About CBA 6,800 loans were on Covid-19 repayment pauses as at July 31, nowhere near last year’s pandemic peak of 158,000 loans.
CBA also released its annual report on Wednesday which showed Mr Comyn’s total received pay climbed to $5.17m for the year ended June 30, from $3.9m the prior year. The increase was helped by him being eligible for 87 per cent of his maximum available short term bonus.
The bank’s annual operating income edged up 1.7 per cent to $24.16bn, buoyed by home an business loan growth and improved fee income.
Profits across CBA’s four divisions were higher, but the results were largely helped by lower impairments rather than a sharp jump in income.

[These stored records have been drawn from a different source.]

lemma K_beta_laplace_transform:
  fixes \<beta> t :: real and z :: complex
  assumes "\<beta> > 0" and "t > 0"
  defines "F \<equiv> \<lambda>x. complex_of_real (exp (- t * x) * x powr (\<beta> - 1)) * K_beta \<beta> (sqrt x) z"
  shows "F absolutely_integrable_on {0<..} \<and> integral {0<..} F
           = of_real (t powr (- \<beta>)) * exp (- z / of_real (sqrt t)) * of_real (exp (- 1 / (2 * t)))"
proof -
  have lebesgue_integral: "has_bochner_integral lebesgue (\<lambda>x. indicator {0<..} x *\<^sub>R F x)
      (of_real (t powr (- \<beta>)) * exp (- z / of_real (sqrt t)) * of_real (exp (- 1 / (2 * t))))"
    unfolding F_def by (rule K_beta_laplace_lebesgue[OF assms(1,2)])
  then have integrable: "F absolutely_integrable_on {0<..}"
    unfolding set_integrable_def by (rule integrable.intros)
  have "integral {0<..} F = set_lebesgue_integral lebesgue {0<..} F"
    by (rule set_lebesgue_integral_eq_integral(2)[OF integrable, symmetric])
  with integrable lebesgue_integral show ?thesis
    by (simp add: set_lebesgue_integral_def has_bochner_integral_integral_eq)
qed

theorem mainTheorem3:
  fixes \<beta> :: real and z :: complex
  assumes "\<beta> > 0"
  shows "(\<forall>r\<ge>0. summable (lhs_term \<beta> r z) \<and> summable (rhs_term \<beta> r z)
             \<and> (\<Sum>k. lhs_term \<beta> r z k) = (\<Sum>k. rhs_term \<beta> r z k))
       \<and> (\<forall>t>0.
           (\<lambda>x. complex_of_real (exp (- t * x) * x powr (\<beta> - 1)) * K_beta \<beta> (sqrt x) z)
             absolutely_integrable_on {0<..}
           \<and> integral {0<..}
               (\<lambda>x. complex_of_real (exp (- t * x) * x powr (\<beta> - 1)) * K_beta \<beta> (sqrt x) z)
             = complex_of_real (t powr (- \<beta>)) * exp (- z / complex_of_real (sqrt t))
               * complex_of_real (exp (- 1 / (2 * t))))"
proof -
  have "summable (lhs_term \<beta> r z) \<and> summable (rhs_term \<beta> r z)
      \<and> (\<Sum>k. lhs_term \<beta> r z k) = (\<Sum>k. rhs_term \<beta> r z k)" for r
    using kernel_series_common_sum[OF assms, of r z] by (simp add: sums_iff)
  moreover note K_beta_laplace_transform[OF assms]
  ultimately show ?thesis
    by simp
qed

end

The net interest margin - what the bank earns on loans minus funding and other costs - printed at 2.03 per cent, up on December 31 but four basis points lower than June 30 2020.
CBA finance boss Alan Docherty said as competition and low rates persisted there were “more headwinds than tailwinds” on margins.
He highlighted a $114m rise in customer compensation costs as the “most disappointing “ aspect of the results.
CBA’s operating expenses increased 3.3 per cent, including customer compensation costs, driven by investment spend and higher loan volumes.